TASK BRIEF>
Search term "random": copy each line of the data containing it.

Items listed in a dataset>
definition all_pairs :: "nat \<Rightarrow> nat set set" where
  "all_pairs n = {e. e \<subseteq> {1..n} \<and> card e = 2}"

definition edge_rel :: "nat set set \<Rightarrow> (nat \<times> nat) set" where
  "edge_rel E = {(u, v). {u, v} \<in> E}"

definition graph_connected :: "nat \<Rightarrow> nat set set \<Rightarrow> bool" where
  "graph_connected n E \<longleftrightarrow> (\<forall>u\<in>{1..n}. \<forall>v\<in>{1..n}. (u, v) \<in> (edge_rel E)\<^sup>*)"

text \<open>Probability P_{n,p}(Q) in G(n,p): each of the binom(n,2) pairs is an edge
  independently with probability p, so an edge set E has probability
  p^|E| (1-p)^(binom(n,2)-|E|).\<close>
definition gnp_prob :: "nat \<Rightarrow> real \<Rightarrow> (nat set set \<Rightarrow> bool) \<Rightarrow> real" where
  "gnp_prob n p Q = (\<Sum>E\<in>{E. E \<subseteq> all_pairs n \<and> Q E}.
      p ^ card E * (1 - p) ^ (card (all_pairs n) - card E))"

end

theory Submission
  imports Defs
begin

(* Explore the random graph from vertex 1. Keep a set A of active vertices and a set U of
   unexplored ones, where no pair meeting U has been exposed yet. Exposing the pairs between
   one active vertex a and U reveals a binomial neighbourhood J; then a retires, J becomes
   active, and the remaining unexposed pairs are independent of J. By induction on |A| + |U|,
   everything in U is reached from A with probability at least
   |A| / (|U| + |A|) * (1 - q^(|U| + |A| - 1))^|U|, where q = 1 - p; the induction step is an
   exact binomial expectation combined with Bernoulli's inequality 1 - q^N <= N p.
   The case A = {1}, U = {2..n} is the theorem. *)

(* For x + y = 1 this is the expectation of F J for a random subset J of U that contains each
   element independently with probability x. *)
definition bernoulli_sum :: "real \<Rightarrow> real \<Rightarrow> 'a set \<Rightarrow> ('a set \<Rightarrow> real) \<Rightarrow> real" where
  "bernoulli_sum x y U F = (\<Sum>J\<in>Pow U. x ^ card J * y ^ (card U - card J) * F J)"

lemma bernoulli_sum_empty [simp]: "bernoulli_sum x y {} F = F {}"
  by (simp add: bernoulli_sum_def)

lemma bernoulli_sum_cong:
  assumes "\<And>J. J \<subseteq> U \<Longrightarrow> F J = G J"
  shows "bernoulli_sum x y U F = bernoulli_sum x y U G"
  unfolding bernoulli_sum_def using assms by (intro sum.cong) auto

lemma bernoulli_sum_mono:
  assumes "0 \<le> x" "0 \<le> y" "\<And>J. J \<subseteq> U \<Longrightarrow> F J \<le> G J"
  shows "bernoulli_sum x y U F \<le> bernoulli_sum x y U G"
  unfolding bernoulli_sum_def using assms by (intro sum_mono mult_left_mono) auto

lemma bernoulli_sum_nonneg:
  assumes "0 \<le> x" "0 \<le> y" "\<And>J. J \<subseteq> U \<Longrightarrow> 0 \<le> F J"
  shows "0 \<le> bernoulli_sum x y U F"
  unfolding bernoulli_sum_def using assms by (intro sum_nonneg mult_nonneg_nonneg) auto

lemma bernoulli_sum_insert:
  assumes "finite U" "u \<notin> U"
  shows "bernoulli_sum x y (insert u U) F
           = x * bernoulli_sum x y U (\<lambda>J. F (insert u J)) + y * bernoulli_sum x y U F"
proof -
  let ?w = "\<lambda>J. x ^ card J * y ^ (card (insert u U) - card J) * F J"
  have inj: "inj_on (insert u) (Pow U)"
    using assms(2) by (intro inj_onI) (metis Diff_insert_absorb PowD subsetD)
  have "bernoulli_sum x y (insert u U) F = sum ?w (Pow U) + sum ?w (insert u ` Pow U)"
    unfolding bernoulli_sum_def Pow_insert using assms
    by (intro sum.union_disjoint) auto
  also have "sum ?w (Pow U) = y * bernoulli_sum x y U F"
    unfolding bernoulli_sum_def sum_distrib_left
  proof (rule sum.cong)
    fix J assume "J \<in> Pow U"
    then have "card (insert u U) - card J = Suc (card U - card J)"
      using assms by (auto simp: Suc_diff_le card_mono)
    then show "?w J = y * (x ^ card J * y ^ (card U - card J) * F J)" by simp
  qed simp
  also have "sum ?w (insert u ` Pow U) = x * bernoulli_sum x y U (\<lambda>J. F (insert u J))"
    unfolding bernoulli_sum_def sum_distrib_left sum.reindex[OF inj] o_def
  proof (rule sum.cong)
    fix J assume "J \<in> Pow U"
    then have "finite J" "u \<notin> J"
      using assms by (auto intro: finite_subset)
    then have "card (insert u J) = Suc (card J)" by simp
    then show "?w (insert u J) = x * (x ^ card J * y ^ (card U - card J) * F (insert u J))"
      using assms by simp
  qed simp
  finally show ?thesis by simp
qed

lemma bernoulli_sum_const:
  "finite U \<Longrightarrow> bernoulli_sum x y U (\<lambda>_. c) = c * (x + y) ^ card U"
  by (induction U rule: finite_induct) (simp_all add: bernoulli_sum_insert algebra_simps)

lemma bernoulli_sum_card:
  "finite U \<Longrightarrow> bernoulli_sum x y U (\<lambda>J. real (card J)) = real (card U) * x * (x + y) ^ (card U - 1)"
proof (induction U rule: finite_induct)
  case (insert u U)
  have "bernoulli_sum x y U (\<lambda>J. real (card (insert u J)))
          = bernoulli_sum x y U (\<lambda>J. real (card J) + 1)"
  proof (rule bernoulli_sum_cong)
    fix J assume "J \<subseteq> U"
    with insert have "finite J" "u \<notin> J" by (auto intro: finite_subset)
    then show "real (card (insert u J)) = real (card J) + 1" by simp
  qed
  also have "\<dots> = bernoulli_sum x y U (\<lambda>J. real (card J)) + (x + y) ^ card U"
    using bernoulli_sum_const[OF insert(1), of x y 1]
    by (simp add: bernoulli_sum_def sum.distrib algebra_simps)
  finally show ?case
    using insert by (cases "card U") (simp_all add: bernoulli_sum_insert algebra_simps)
qed simp

lemma bernoulli_sum_affine_card:
  assumes "finite U"
  shows "bernoulli_sum x y U (\<lambda>J. c + real (card J))
           = c * (x + y) ^ card U + real (card U) * x * (x + y) ^ (card U - 1)"
proof -
  have "bernoulli_sum x y U (\<lambda>J. c + real (card J))
          = bernoulli_sum x y U (\<lambda>_. c) + bernoulli_sum x y U (\<lambda>J. real (card J))"
    unfolding bernoulli_sum_def by (simp add: sum.distrib algebra_simps)
  then show ?thesis
    using assms by (simp add: bernoulli_sum_const bernoulli_sum_card)
qed

lemma bernoulli_sum_scale:
  "bernoulli_sum x y U (\<lambda>J. c ^ (card U - card J) * F J) = bernoulli_sum x (y * c) U F"
  unfolding bernoulli_sum_def by (intro sum.cong) (simp_all add: power_mult_distrib)

lemma bernoulli_sum_divide:
  "bernoulli_sum x y U (\<lambda>J. F J / c) = bernoulli_sum x y U F / c"
  unfolding bernoulli_sum_def by (simp add: sum_divide_distrib)

lemma bernoulli_sum_union:
  assumes "finite X" "finite Y" "X \<inter> Y = {}"
  shows "bernoulli_sum x y (X \<union> Y) F
           = bernoulli_sum x y X (\<lambda>J. bernoulli_sum x y Y (\<lambda>K. F (J \<union> K)))"
  using assms
proof (induction X arbitrary: F rule: finite_induct)
  case (insert u X)
  then have "bernoulli_sum x y (insert u X \<union> Y) F
      = x * bernoulli_sum x y X (\<lambda>J. bernoulli_sum x y Y (\<lambda>K. F (insert u (J \<union> K))))
        + y * bernoulli_sum x y X (\<lambda>J. bernoulli_sum x y Y (\<lambda>K. F (J \<union> K)))"
    by (simp add: bernoulli_sum_insert)
  with insert show ?case by (simp add: bernoulli_sum_insert)
qed simp

lemma bernoulli_sum_restrict:
  assumes "finite X" "Y \<subseteq> X" "x + y = 1"
  shows "bernoulli_sum x y X (\<lambda>J. F (J \<inter> Y)) = bernoulli_sum x y Y F"
proof -
  have X: "X = Y \<union> (X - Y)" using assms by auto
  have "bernoulli_sum x y X (\<lambda>J. F (J \<inter> Y))
          = bernoulli_sum x y Y (\<lambda>J. bernoulli_sum x y (X - Y) (\<lambda>K. F ((J \<union> K) \<inter> Y)))"
    using assms by (subst X, subst bernoulli_sum_union) (auto intro: finite_subset)
  also have "\<dots> = bernoulli_sum x y Y (\<lambda>J. bernoulli_sum x y (X - Y) (\<lambda>_. F J))"
    by (intro bernoulli_sum_cong arg_cong[where f = F]) blast
  finally show ?thesis
    using assms by (simp add: bernoulli_sum_const)
qed

lemma bernoulli_sum_image:
  "finite U \<Longrightarrow> inj_on f U \<Longrightarrow> bernoulli_sum x y (f ` U) G = bernoulli_sum x y U (\<lambda>J. G (f ` J))"
proof (induction U arbitrary: G rule: finite_induct)
  case (insert u U)
  then have "f u \<notin> f ` U" by auto
  with insert show ?case by (simp add: bernoulli_sum_insert)
qed simp

definition reach_bound :: "real \<Rightarrow> nat \<Rightarrow> nat \<Rightarrow> real" where
  "reach_bound q m a = real a / real (m + a) * (1 - q ^ (m + a - 1)) ^ m"

lemma bernoulli_sum_reach_bound:
  assumes "p + q = 1" "finite U" "card U = m" "1 \<le> m" "1 \<le> a"
  shows "bernoulli_sum p q U (\<lambda>J. reach_bound q (m - card J) (a - 1 + card J))
           = (real (a - 1) * (1 - q ^ (m + a - 1)) ^ m
              + real m * p * (1 - q ^ (m + a - 1)) ^ (m - 1)) / real (m + a - 1)"
proof -
  define N where "N = m + a - 1"
  define r where "r = 1 - q ^ (N - 1)"
  have r: "p + q * r = 1 - q ^ N"
    using assms unfolding r_def N_def by (cases "m + a - 1") (simp_all add: algebra_simps)
  have "bernoulli_sum p q U (\<lambda>J. reach_bound q (m - card J) (a - 1 + card J))
          = bernoulli_sum p q U (\<lambda>J. r ^ (card U - card J) * ((real (a - 1) + real (card J)) / real N))"
  proof (rule bernoulli_sum_cong)
    fix J assume "J \<subseteq> U"
    then have "card J \<le> m" using assms card_mono by blast
    then have "m - card J + (a - 1 + card J) = N" using assms by (simp add: N_def)
    then show "reach_bound q (m - card J) (a - 1 + card J)
                 = r ^ (card U - card J) * ((real (a - 1) + real (card J)) / real N)"
      using assms by (simp add: reach_bound_def r_def)
  qed
  also have "\<dots> = bernoulli_sum p (q * r) U (\<lambda>J. real (a - 1) + real (card J)) / real N"
    by (simp add: bernoulli_sum_scale bernoulli_sum_divide)
  finally show ?thesis
    using assms r by (simp add: bernoulli_sum_affine_card N_def)
qed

RESULT FOR THIS TASK>
(* Explore the random graph from vertex 1. Keep a set A of active vertices and a set U of
(* For x + y = 1 this is the expectation of F J for a random subset J of U that contains each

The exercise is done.